6. Perspectives and Concluding Remarks

Sphingolipids are not only abundant structural components of the plasma membrane of nerve cells, but are also deeply involved in nervous system development and in the development and progression of ND [17,46,47,48,49,150]. Sphingolipids, S1P, and Cer play a crucial role in ND, in particular in AD, PD, and ALS. During neurodegeneration, Cer-dependent pro-apoptotic signaling is promoted, whereas the levels of the neuroprotective S1P are reduced. Moreover, changes affecting complex sphingolipid levels have been recognized in AD, PD, and ALS. The role that S1P and Cer have in the regulation of signaling pathways involved in the regulation of cell fate modulating processes, such as cell proliferation or death and cell differentiation [46], highlights their importance in the development of the nervous system, and the changes in their metabolism supports the involvement of these molecules in the development and progression of ND.

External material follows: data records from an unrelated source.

declare rseq_aux.simps(2) [simp del]

lemma length_rseq_aux [simp]: "length (rseq_aux m d) = m"
  by (induction m arbitrary: d) (simp_all add: rseq_aux_Suc)

lemma remarc_first_arc_in_D: "d \<in> D (Suc n) \<Longrightarrow> remarc (first_arc d) d \<in> D n"
  using remarc_in_D first_arc by blast

lemma rseq_eq_rseq_aux: "d \<in> D n \<Longrightarrow> rseq d = rseq_aux n d"
  using matching_length[OF D_imp_matching] by (simp add: rseq_def)

lemma inj_on_rseq_aux: "inj_on (rseq_aux n) (D n)"
proof (induction n)
  case 0
  then show ?case using matching_length[OF D_imp_matching] by (intro inj_onI) (metis length_0_conv mult_0_right)
next
  case (Suc n)
  show ?case
  proof (rule inj_onI)
    fix d d' assume d: "d \<in> D (Suc n)" and d': "d' \<in> D (Suc n)" and eq: "rseq_aux (Suc n) d = rseq_aux (Suc n) d'"
    then have k: "first_arc d = first_arc d'"
      and "rseq_aux n (remarc (first_arc d) d) = rseq_aux n (remarc (first_arc d') d')"
      unfolding rseq_aux_Suc list.inject by blast+
    then have "remarc (first_arc d) d = remarc (first_arc d') d'"
      using inj_onD[OF Suc.IH _ remarc_first_arc_in_D[OF d] remarc_first_arc_in_D[OF d']] by blast
    then show "d = d'"
      using lk_remarc[OF D_imp_matching[OF d] first_arc[OF d]]
        lk_remarc[OF D_imp_matching[OF d'] first_arc[OF d']] k by metis
  qed
qed

lemma e_rseq:
  assumes d: "d \<in> D n" shows "e (rseq d) = d"
  unfolding e_def
proof (rule the_equality)
  fix d' assume d': "d' \<in> D (length (rseq d)) \<and> rseq d' = rseq d"
  then have "d' \<in> D n" using d by (simp add: rseq_eq_rseq_aux)
  then show "d' = d"
    using d' d inj_onD[OF inj_on_rseq_aux, of n d' d] by (simp add: rseq_eq_rseq_aux)
qed (use d in \<open>simp add: rseq_eq_rseq_aux\<close>)
(* Let $X$ be an affine algebraic manifold whose group $\mathrm{Aut}\,X$ of algebraic automorphisms acts transitively on $X$, and let $T$ be the $\mathbb C[X]$-module of all algebraic vector fields on $X$. Suppose there is a $\mathbb C[X]$-submodule $L\subset T$ such that $L\subset\mathrm{Lie}_{alg}(X)$ and such that the fiber $\{\nu(x_0):\nu\in L\}$ of $L$ at some point $x_0\in X$ contains a generating subset of $T_{x_0}X$. Then $X$ has the algebraic density property.
   Context: $\mathbb C[X]$ is the algebra of regular functions. An algebraic vector field is completely integrable if its (holomorphic) flow exists for all complex times. $\mathrm{Lie}_{alg}(X)$ is the Lie algebra generated by completely integrable algebraic vector fields on $X$; $X$ has the algebraic density property if $\mathrm{Lie}_{alg}(X)$ equals the Lie algebra of all algebraic vector fields on $X$. A finite subset $F\subset T_{x_0}X$ is a generating subset if the linear span of its orbit under the (differentials of the) isotropy group $(\mathrm{Aut}\,X)_{x_0}$ is all of $T_{x_0}X$. *)

theory Defs
  imports "HOL-Analysis.Analysis"
begin

text \<open>Points of the ambient affine space C^n, with n = CARD('n) for a finite index type 'n.\<close>
type_synonym 'n pt = "'n \<Rightarrow> complex"
type_synonym 'n fn = "'n pt \<Rightarrow> complex"
type_synonym 'n vfield = "'n \<Rightarrow> 'n fn"

inductive_set poly_fun :: "('n::finite) fn set" where
  const: "(\<lambda>x. c) \<in> poly_fun"
| coord: "(\<lambda>x. x i) \<in> poly_fun"
| add: "p \<in> poly_fun \<Longrightarrow> q \<in> poly_fun \<Longrightarrow> (\<lambda>x. p x + q x) \<in> poly_fun"
| mult: "p \<in> poly_fun \<Longrightarrow> q \<in> poly_fun \<Longrightarrow> (\<lambda>x. p x * q x) \<in> poly_fun"

definition algebraic_set :: "('n::finite) pt set \<Rightarrow> bool" where
  "algebraic_set X \<longleftrightarrow> (\<exists>F. F \<subseteq> poly_fun \<and> X = {x. \<forall>f\<in>F. f x = 0})"

definition van_ideal :: "('n::finite) pt set \<Rightarrow> 'n fn set" where
  "van_ideal X = {f \<in> poly_fun. \<forall>x\<in>X. f x = 0}"

text \<open>Regular functions C[X], represented as restrictions of polynomials, extended by 0 off X.\<close>
definition reg :: "('n::finite) pt set \<Rightarrow> 'n fn set" where
  "reg X = {g. \<exists>p\<in>poly_fun. g = (\<lambda>x. if x \<in> X then p x else 0)}"

definition pd :: "('n::finite) fn \<Rightarrow> 'n \<Rightarrow> 'n pt \<Rightarrow> complex" where
  "pd f i x = deriv (\<lambda>t. f (x(i := t))) (x i)"

definition tangent_space :: "('n::finite) pt set \<Rightarrow> 'n pt \<Rightarrow> 'n pt set" where
  "tangent_space X x0 = {v. \<forall>f\<in>van_ideal X. (\<Sum>j\<in>UNIV. pd f j x0 * v j) = 0}"

text \<open>Algebraic vector fields on X: tuples of regular functions tangent to X
  (these form the C[X]-module T of derivations of C[X]).\<close>
definition VF :: "('n::finite) pt set \<Rightarrow> 'n vfield set" where
  "VF X = {v. (\<forall>i. v i \<in> reg X) \<and>
     (\<forall>f\<in>van_ideal X. \<forall>x\<in>X. (\<Sum>j\<in>UNIV. v j x * pd f j x) = 0)}"

definition vf_apply :: "('n::finite) pt set \<Rightarrow> 'n vfield \<Rightarrow> 'n fn \<Rightarrow> 'n fn" where
  "vf_apply X v g = (let p = (SOME p. p \<in> poly_fun \<and> (\<forall>x\<in>X. g x = p x)) in
     (\<lambda>x. if x \<in> X then (\<Sum>j\<in>UNIV. v j x * pd p j x) else 0))"

definition vf_bracket :: "('n::finite) pt set \<Rightarrow> 'n vfield \<Rightarrow> 'n vfield \<Rightarrow> 'n vfield" where
  "vf_bracket X v w = (\<lambda>i x. vf_apply X v (w i) x - vf_apply X w (v i) x)"

definition complete_vf :: "('n::finite) pt set \<Rightarrow> 'n vfield \<Rightarrow> bool" where
  "complete_vf X v \<longleftrightarrow> v \<in> VF X \<and>
     (\<forall>x\<in>X. \<exists>\<gamma>::complex \<Rightarrow> 'n pt. \<gamma> 0 = x \<and> (\<forall>t. \<gamma> t \<in> X) \<and>
        (\<forall>t i. ((\<lambda>s. \<gamma> s i) has_field_derivative v i (\<gamma> t)) (at t)))"

inductive_set Lie_alg :: "('n::finite) pt set \<Rightarrow> 'n vfield set" for X where
  gen: "complete_vf X v \<Longrightarrow> v \<in> Lie_alg X"
| zero: "(\<lambda>i x. 0) \<in> Lie_alg X"
| add: "v \<in> Lie_alg X \<Longrightarrow> w \<in> Lie_alg X \<Longrightarrow> (\<lambda>i x. v i x + w i x) \<in> Lie_alg X"
| smult: "v \<in> Lie_alg X \<Longrightarrow> (\<lambda>i x. c * v i x) \<in> Lie_alg X"
| bracket: "v \<in> Lie_alg X \<Longrightarrow> w \<in> Lie_alg X \<Longrightarrow> vf_bracket X v w \<in> Lie_alg X"

definition algebraic_density_property :: "('n::finite) pt set \<Rightarrow> bool" where
  "algebraic_density_property X \<longleftrightarrow> Lie_alg X = VF X"

definition Aut :: "('n::finite) pt set \<Rightarrow> ('n pt \<Rightarrow> 'n pt) set" where
  "Aut X = {\<phi>. (\<forall>i. (\<lambda>x. \<phi> x i) \<in> poly_fun) \<and> \<phi> ` X \<subseteq> X \<and>
     (\<exists>\<psi>. (\<forall>i. (\<lambda>x. \<psi> x i) \<in> poly_fun) \<and> \<psi> ` X \<subseteq> X \<and>
          (\<forall>x\<in>X. \<psi> (\<phi> x) = x) \<and> (\<forall>x\<in>X. \<phi> (\<psi> x) = x))}"

definition transitive_Aut :: "('n::finite) pt set \<Rightarrow> bool" where
  "transitive_Aut X \<longleftrightarrow> (\<forall>x\<in>X. \<forall>y\<in>X. \<exists>\<phi>\<in>Aut X. \<phi> x = y)"

definition differential :: "('n::finite pt \<Rightarrow> 'n pt) \<Rightarrow> 'n pt \<Rightarrow> 'n pt \<Rightarrow> 'n pt" where
  "differential \<phi> x0 v = (\<lambda>i. \<Sum>j\<in>UNIV. pd (\<lambda>x. \<phi> x i) j x0 * v j)"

The findings that altered sphingolipid metabolism has a role in neurodegenerative diseases suggest that the modulation of sphingolipid metabolism might provide a useful strategy for treating these disorders [46,94]. Furthermore, ND are associated with mutations able to impair membrane trafficking between endosomes and the Golgi apparatus. Petit et al. demonstrated that altered sphingolipid metabolism causing Cer level increase, due to altered traffic between endosomes and Golgi apparatus, contributes to neurodegeneration but the inhibition of Cer synthesis by myriocin could be an important strategy for treating ND [146].

S1P has a crucial role in the regulation of physiological and pathological conditions. On these bases, SphKs or/and S1P receptor inhibitors might be very promising tools for the treatment of neurodegenerative diseases [151,152]. The very promising preclinical data of FTY720 sets up the framework to use more selective S1P receptor inhibitors [153]. Furthermore, another strategy to modulate S1P signaling could be the inhibition of the S1P transporter Spinster2 (SpnS2) even though, to date, no inhibitors are available for Spns2.

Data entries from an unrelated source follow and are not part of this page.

lemma orbit_eq_atoms:
  assumes x: "x \<in> atoms"
  shows "orbit T x = atoms"
proof
  show orbit_subset: "orbit T x \<subseteq> atoms"
  proof
    fix y
    assume "y \<in> orbit T x"
    then show "y \<in> atoms"
      by induction (use x T_atoms in auto)
  qed
  then have orbit_sets: "orbit T x \<in> sets M"
    by (rule subset_atoms_sets)
  have "measure M {T x} \<le> measure M (orbit T x)"
    using orbit_sets orbit.base[of T x] by (intro finite_measure_mono) auto
  moreover have "0 < measure M {T x}"
    using measure_atom[OF T_atoms[OF x]] r_pos by simp
  ultimately have "0 < measure M (orbit T x)"
    by linarith
  then have "measure M (orbit T x) = 1"
    using ergodic_system_forward_invariant_measure[OF ergodic orbit_sets orbit.step] by blast
  then show "atoms \<subseteq> orbit T x"
    using orbit_sets full_measure_imp_atoms_subset by blast
qed

lemma atoms_cycle:
  assumes x: "x \<in> atoms"
  shows "(T ^^ r) x = x" and "bij_betw (\<lambda>n. (T ^^ n) x) {..<r} atoms"
proof -
  have x_orbit: "x \<in> orbit T x"
    using x orbit_eq_atoms[OF x] by simp
  define p where "p = funpow_dist1 T x x"
  have "(T ^^ p) x = x"
    unfolding p_def using x_orbit by (rule funpow_dist1_prop)
  have bij: "bij_betw (\<lambda>n. (T ^^ n) x) {..<p} atoms"
    unfolding bij_betw_def p_def
    using inj_on_funpow_dist1[OF x_orbit] orbit_conv_funpow_dist1[OF x_orbit] orbit_eq_atoms[OF x]
    by (simp add: atLeast0LessThan)
  then have "p = r"
    using bij_betw_same_card card_atoms by fastforce
  then show "(T ^^ r) x = x" "bij_betw (\<lambda>n. (T ^^ n) x) {..<r} atoms"
    using \<open>(T ^^ p) x = x\<close> bij by simp_all
qed

\<comment> \<open>Since T^r fixes every atom, T^((r-1) i) is a left inverse of T^i on the atoms.\<close>
lemma inj_on_funpow_atoms: "inj_on (T ^^ i) atoms"
proof (rule inj_on_inverseI)
  fix y
  assume y: "y \<in> atoms"
  have "(r - 1) * i + i = r * i"
    using r_pos by (cases r) auto
  then have "(T ^^ ((r - 1) * i)) ((T ^^ i) y) = (T ^^ (r * i)) y"
    by (metis comp_apply funpow_add)
  also have "\<dots> = (T ^^ ((r * i) mod r)) y"
    by (rule funpow_mod_eq[OF atoms_cycle(1)[OF y], symmetric])
  also have "\<dots> = y"
    by simp
  finally show "(T ^^ ((r - 1) * i)) ((T ^^ i) y) = y" .
qed

lemma card_funpow_preimage_atom_le_1: "card {y \<in> A \<inter> atoms. (T ^^ i) y = x} \<le> 1"
proof -
  have "inj_on (T ^^ i) {y \<in> A \<inter> atoms. (T ^^ i) y = x}"
    using inj_on_funpow_atoms by (rule inj_on_subset) blast
  moreover have "(T ^^ i) ` {y \<in> A \<inter> atoms. (T ^^ i) y = x} \<subseteq> {x}"
    by blast
  ultimately show ?thesis
    using card_inj_on_le[of "T ^^ i" _ "{x}"] by simp
qed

It was recently highlighted that sphingolipids and the enzymes for their metabolism are involved in the biogenesis and release of extracellular vesicles that might participate in the spread of neurotoxic molecules between brain cells, or in their clearance [17,88]. Lombardi et al. demonstrated that vesicular S1P contained in the extracellular vesicles stimulates oligodendrocyte precursor cells migration, a fundamental step in myelin repair [154]. The secretion of extracellular vesicles might be exploited to develop novel therapeutic approaches.